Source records
====

(* Let $f=\frac1n\sum_{z=1}^nf_z$ where each $\nabla f_z$ is $L$-Lipschitz and $\|\nabla f_z(x)\|\le l$ for all $x$ and $z$. Consider one SCSG epoch (see context) from $\tilde x^{k-1}$ producing $\tilde x^k$, with $b\ge1$, $n\ge 8b$, and $\eta L=\gamma(b/n)^{2/3}$, $\gamma\le\frac13$. Then the increase of function value caused by disturbance satisfies $$\mathbb{E}[f(\tilde x^k)-f(\tilde x^{k-1})]\le\frac{5l^2\gamma^2}{L}\left(\frac bn\right)^{1/3}.$$
   Context: One SCSG epoch from $\tilde x^{k-1}$: $\tilde\mu=\nabla f(\tilde x^{k-1})$, $x_0=\tilde x^{k-1}$, $N\sim\mathrm{Geom}(n/(n+b))$ ($P(N=j)=\frac b{n+b}(\frac n{n+b})^j$, so $\mathbb{E}N=n/b$), for $t=1..N$: $x_t=x_{t-1}-\eta(\nabla f_{I_t}(x_{t-1})-\nabla f_{I_t}(\tilde x^{k-1})+\tilde\mu)$ with $I_t\subset[n]$ uniform of size $b$, $\nabla f_I=\frac1{|I|}\sum_{i\in I}\nabla f_i$; $\tilde x^k=x_N$. *)

theory Defs
  imports "HOL-Analysis.Analysis" "HOL-Probability.Probability"
begin

definition batches :: "nat \<Rightarrow> nat \<Rightarrow> nat set set" where
  "batches n b = {I. I \<subseteq> {..<n} \<and> card I = b}"

definition bgrad :: "(nat \<Rightarrow> 'a::real_vector \<Rightarrow> 'a) \<Rightarrow> nat set \<Rightarrow> 'a \<Rightarrow> 'a" where
  "bgrad G I x = (1 / real (card I)) *\<^sub>R (\<Sum>i\<in>I. G i x)"

definition fgrad :: "(nat \<Rightarrow> 'a::real_vector \<Rightarrow> 'a) \<Rightarrow> nat \<Rightarrow> 'a \<Rightarrow> 'a" where
  "fgrad G n x = (1 / real n) *\<^sub>R (\<Sum>i<n. G i x)"

text \<open>One inner SCSG step from x, with snapshot x0 and anchor gradient mu;
  the batch I is drawn uniformly from all size-b subsets of [n].\<close>
definition scsg_step ::
  "(nat \<Rightarrow> 'a::real_vector \<Rightarrow> 'a) \<Rightarrow> nat \<Rightarrow> nat \<Rightarrow> real \<Rightarrow> 'a \<Rightarrow> 'a \<Rightarrow> 'a \<Rightarrow> 'a pmf" where
  "scsg_step G n b \<eta> x0 \<mu> x =
     map_pmf (\<lambda>I. x - \<eta> *\<^sub>R (bgrad G I x - bgrad G I x0 + \<mu>)) (pmf_of_set (batches n b))"

fun scsg_iter ::
  "(nat \<Rightarrow> 'a::real_vector \<Rightarrow> 'a) \<Rightarrow> nat \<Rightarrow> nat \<Rightarrow> real \<Rightarrow> 'a \<Rightarrow> 'a \<Rightarrow> nat \<Rightarrow> 'a \<Rightarrow> 'a pmf" where
  "scsg_iter G n b \<eta> x0 \<mu> 0 x = return_pmf x"
| "scsg_iter G n b \<eta> x0 \<mu> (Suc j) x = bind_pmf (scsg_iter G n b \<eta> x0 \<mu> j x) (scsg_step G n b \<eta> x0 \<mu>)"

text \<open>One SCSG epoch from x0: N ~ Geom with P(N=j) = b/(n+b) (n/(n+b))^j,
  independent of the batches; output x_N.\<close>
definition scsg_epoch ::
  "(nat \<Rightarrow> 'a::real_vector \<Rightarrow> 'a) \<Rightarrow> nat \<Rightarrow> nat \<Rightarrow> real \<Rightarrow> 'a \<Rightarrow> 'a pmf" where
  "scsg_epoch G n b \<eta> x0 =
     bind_pmf (geometric_pmf (real b / (real n + real b)))
       (\<lambda>N. scsg_iter G n b \<eta> x0 (fgrad G n x0) N x0)"

end

theory Submission
  imports Defs
begin

text \<open>
  The average \<open>f\<close> has the \<open>L\<close>-Lipschitz gradient \<open>\<nabla>f\<close>, so it lies below its
  quadratic upper model. Each inner direction \<open>v = \<nabla>f\<^sub>I(x) - \<nabla>f\<^sub>I(x\<^sub>0) + \<nabla>f(x\<^sub>0)\<close>
  has norm at most \<open>3 l\<close>, and its mean over the uniformly drawn batch \<open>I\<close> is \<open>\<nabla>f(x)\<close>.
  Hence one inner step raises the expected value of \<open>f\<close> by at most
  \<open>-\<eta> \<parallel>\<nabla>f(x)\<parallel>\<^sup>2 + (9/2) L \<eta>\<^sup>2 l\<^sup>2 \<le> (9/2) L \<eta>\<^sup>2 l\<^sup>2\<close>. Summing over the geometric
  number of steps, whose mean is \<open>n/b\<close>, bounds the expected increase by
  \<open>(9/2) L \<eta>\<^sup>2 l\<^sup>2 n/b = (9/2) l\<^sup>2 \<gamma>\<^sup>2 / L \<cdot> (b/n)\<^bsup>1/3\<^esup>\<close>.
\<close>

lemma expectation_bind_pmf_nonneg:
  fixes f :: "'b \<Rightarrow> real"
  assumes int: "integrable (measure_pmf (bind_pmf M N)) f"
    and inner: "\<And>x. x \<in> set_pmf M \<Longrightarrow> integrable (measure_pmf (N x)) f"
    and nonneg: "\<And>y. 0 \<le> f y"
  shows "integrable M (\<lambda>x. measure_pmf.expectation (N x) f)"
    and "measure_pmf.expectation (bind_pmf M N) f = (\<integral>x. measure_pmf.expectation (N x) f \<partial>M)"
proof -
  let ?E = "\<lambda>x. measure_pmf.expectation (N x) f"
  have E_nonneg: "0 \<le> ?E x" for x
    using nonneg by simp
  have "AE x in M. ennreal (?E x) = (\<integral>\<^sup>+y. ennreal (f y) \<partial>N x)"
    using inner nonneg by (intro AE_pmfI) (simp add: nn_integral_eq_integral)
  then have "(\<integral>\<^sup>+x. ennreal (?E x) \<partial>M) = (\<integral>\<^sup>+y. ennreal (f y) \<partial>bind_pmf M N)"
    by (simp add: nn_integral_cong_AE)
  also have "\<dots> = ennreal (measure_pmf.expectation (bind_pmf M N) f)"
    using nonneg by (intro nn_integral_eq_integral[OF int]) simp
  finally have nn_eq: "(\<integral>\<^sup>+x. ennreal (?E x) \<partial>M) = ennreal (measure_pmf.expectation (bind_pmf M N) f)" .
  then show integrable: "integrable M ?E"
    using E_nonneg by (intro integrableI_nonneg) auto
  show "measure_pmf.expectation (bind_pmf M N) f = (\<integral>x. ?E x \<partial>M)"
    using nn_eq nn_integral_eq_integral[OF integrable] E_nonneg nonneg by simp
qed

lemma expectation_bind_pmf:
  fixes f :: "'b \<Rightarrow> real"
  assumes int: "integrable (measure_pmf (bind_pmf M N)) f"
    and inner: "\<And>x. x \<in> set_pmf M \<Longrightarrow> integrable (measure_pmf (N x)) f"
  shows "integrable M (\<lambda>x. measure_pmf.expectation (N x) f)"
    and "measure_pmf.expectation (bind_pmf M N) f = (\<integral>x. measure_pmf.expectation (N x) f \<partial>M)"
proof -
  define fp where "fp y = max (f y) 0" for y
  define fm where "fm y = max (- f y) 0" for y
  have f_eq: "f = (\<lambda>y. fp y - fm y)"
    by (auto simp: fp_def fm_def fun_eq_iff)
  let ?E = "\<lambda>g x. measure_pmf.expectation (N x) g"
  have int_parts: "integrable (bind_pmf M N) g" "\<And>x. x \<in> set_pmf M \<Longrightarrow> integrable (N x) g"
    if "g \<in> {fp, fm}" for g
    using that int inner unfolding fp_def fm_def by auto
  have parts: "integrable M (?E g)"
      "measure_pmf.expectation (bind_pmf M N) g = (\<integral>x. ?E g x \<partial>M)"
    if "g \<in> {fp, fm}" for g
    using that int_parts[OF that] by (auto simp: fp_def fm_def intro!: expectation_bind_pmf_nonneg)
  have split: "AE x in M. ?E f x = ?E fp x - ?E fm x"
  proof (rule AE_pmfI)
    fix x assume "x \<in> set_pmf M"
    then have "integrable (N x) fp" "integrable (N x) fm"
      using int_parts by auto
    then show "?E f x = ?E fp x - ?E fm x"
      by (subst f_eq) (rule Bochner_Integration.integral_diff)
  qed
  show "integrable M (?E f)"
    using parts split by (subst integrable_cong_AE) auto
  have "measure_pmf.expectation (bind_pmf M N) f
      = measure_pmf.expectation (bind_pmf M N) fp - measure_pmf.expectation (bind_pmf M N) fm"
    using int_parts by (subst f_eq) (rule Bochner_Integration.integral_diff; simp)
  also have "\<dots> = (\<integral>x. ?E fp x - ?E fm x \<partial>M)"
    using parts by simp
  also have "\<dots> = (\<integral>x. ?E f x \<partial>M)"
    using split by (intro integral_cong_AE) auto
  finally show "measure_pmf.expectation (bind_pmf M N) f = (\<integral>x. ?E f x \<partial>M)" .
qed

lemma lipschitz_gradient_upper_bound:
  fixes F :: "'a::real_inner \<Rightarrow> real"
  assumes grad: "\<And>x. GDERIV F x :> G x"
    and lip: "\<And>x y. norm (G x - G y) \<le> L * norm (x - y)"
  shows "F y \<le> F x + (y - x) \<bullet> G x + L / 2 * norm (y - x)^2"
proof -
  define d where "d = y - x"
  define \<psi> where "\<psi> t = F (x + t *\<^sub>R d) - t * (d \<bullet> G x) - L / 2 * t^2 * norm d ^ 2" for t
  have deriv: "DERIV \<psi> t :> d \<bullet> G (x + t *\<^sub>R d) - d \<bullet> G x - L * t * norm d ^ 2" for t
  proof -
    have "((\<lambda>t. x + t *\<^sub>R d) has_derivative (\<lambda>s. s *\<^sub>R d)) (at t)"
      by (auto intro!: derivative_eq_intros)
    from has_derivative_compose[OF this grad[unfolded gderiv_def]]
    have "((\<lambda>t. F (x + t *\<^sub>R d)) has_derivative (\<lambda>s. s * (d \<bullet> G (x + t *\<^sub>R d)))) (at t)"
      by simp
    then have "DERIV (\<lambda>t. F (x + t *\<^sub>R d)) t :> d \<bullet> G (x + t *\<^sub>R d)"
      by (simp add: has_field_derivative_def mult_commute_abs)
    then show ?thesis
      unfolding \<psi>_def by (auto intro!: derivative_eq_intros)
  qed
  have "\<psi> 1 \<le> \<psi> 0"
  proof (rule DERIV_nonpos_imp_nonincreasing[OF zero_le_one])
    fix t :: real assume t: "0 \<le> t" "t \<le> 1"
    have "d \<bullet> G (x + t *\<^sub>R d) - d \<bullet> G x \<le> norm d * norm (G (x + t *\<^sub>R d) - G x)"
      by (metis inner_diff_right norm_cauchy_schwarz)
    also have "\<dots> \<le> norm d * (L * norm (t *\<^sub>R d))"
      using lip[of "x + t *\<^sub>R d" x] by (intro mult_left_mono) auto
    also have "\<dots> = L * t * norm d ^ 2"
      using t by (simp add: power2_eq_square)
    finally show "\<exists>y. DERIV \<psi> t :> y \<and> y \<le> 0"
      using deriv[of t] by auto
  qed
  then show ?thesis
    unfolding \<psi>_def d_def by (simp add: inner_commute)
qed

lemma GDERIV_average:
  assumes "\<And>i. i \<in> I \<Longrightarrow> GDERIV (F i) x :> G i x"
  shows "GDERIV (\<lambda>x. (1 / real (card I)) * (\<Sum>i\<in>I. F i x)) x :> bgrad G I x"
  using assms unfolding gderiv_def bgrad_def inner_scaleR_right inner_sum_right
  by (intro has_derivative_mult_right has_derivative_sum)

lemma norm_average_le:
  fixes v :: "'b \<Rightarrow> 'a::real_normed_vector"
  assumes "\<And>i. i \<in> I \<Longrightarrow> norm (v i) \<le> c" and "0 \<le> c"
  shows "norm ((1 / real (card I)) *\<^sub>R (\<Sum>i\<in>I. v i)) \<le> c"
proof (cases "card I = 0")
  case False
  have "norm (\<Sum>i\<in>I. v i) \<le> real (card I) * c"
    using assms(1) sum_norm_le[of I v "\<lambda>_. c"] by simp
  with False show ?thesis
    by (simp add: field_simps)
qed (simp add: assms(2))

lemma fgrad_eq_bgrad: "fgrad G n = bgrad G {..<n}"
  by (simp add: fun_eq_iff fgrad_def bgrad_def)

lemma norm_bgrad_le:
  assumes "\<And>i. i \<in> I \<Longrightarrow> norm (G i x) \<le> l" and "0 \<le> l"
  shows "norm (bgrad G I x) \<le> l"
  unfolding bgrad_def using assms by (rule norm_average_le)

lemma bgrad_lipschitz:
  assumes "\<And>i. i \<in> I \<Longrightarrow> norm (G i x - G i y) \<le> L * norm (x - y)" and "0 \<le> L"
  shows "norm (bgrad G I x - bgrad G I y) \<le> L * norm (x - y)"
  unfolding bgrad_def scaleR_diff_right[symmetric] sum_subtractf[symmetric]
  using assms by (intro norm_average_le) auto

lemma finite_batches: "finite (batches n b)"
  by (rule finite_subset[of _ "Pow {..<n}"]) (auto simp: batches_def)

lemma batches_nonempty: "b \<le> n \<Longrightarrow> batches n b \<noteq> {}"
  by (auto simp: batches_def intro!: exI[of _ "{..<b}"])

====

**TASK PROMPT**
For the records given here, say how many lines hold the string "also", with no further words.

**RESULT OF THIS TASK**
5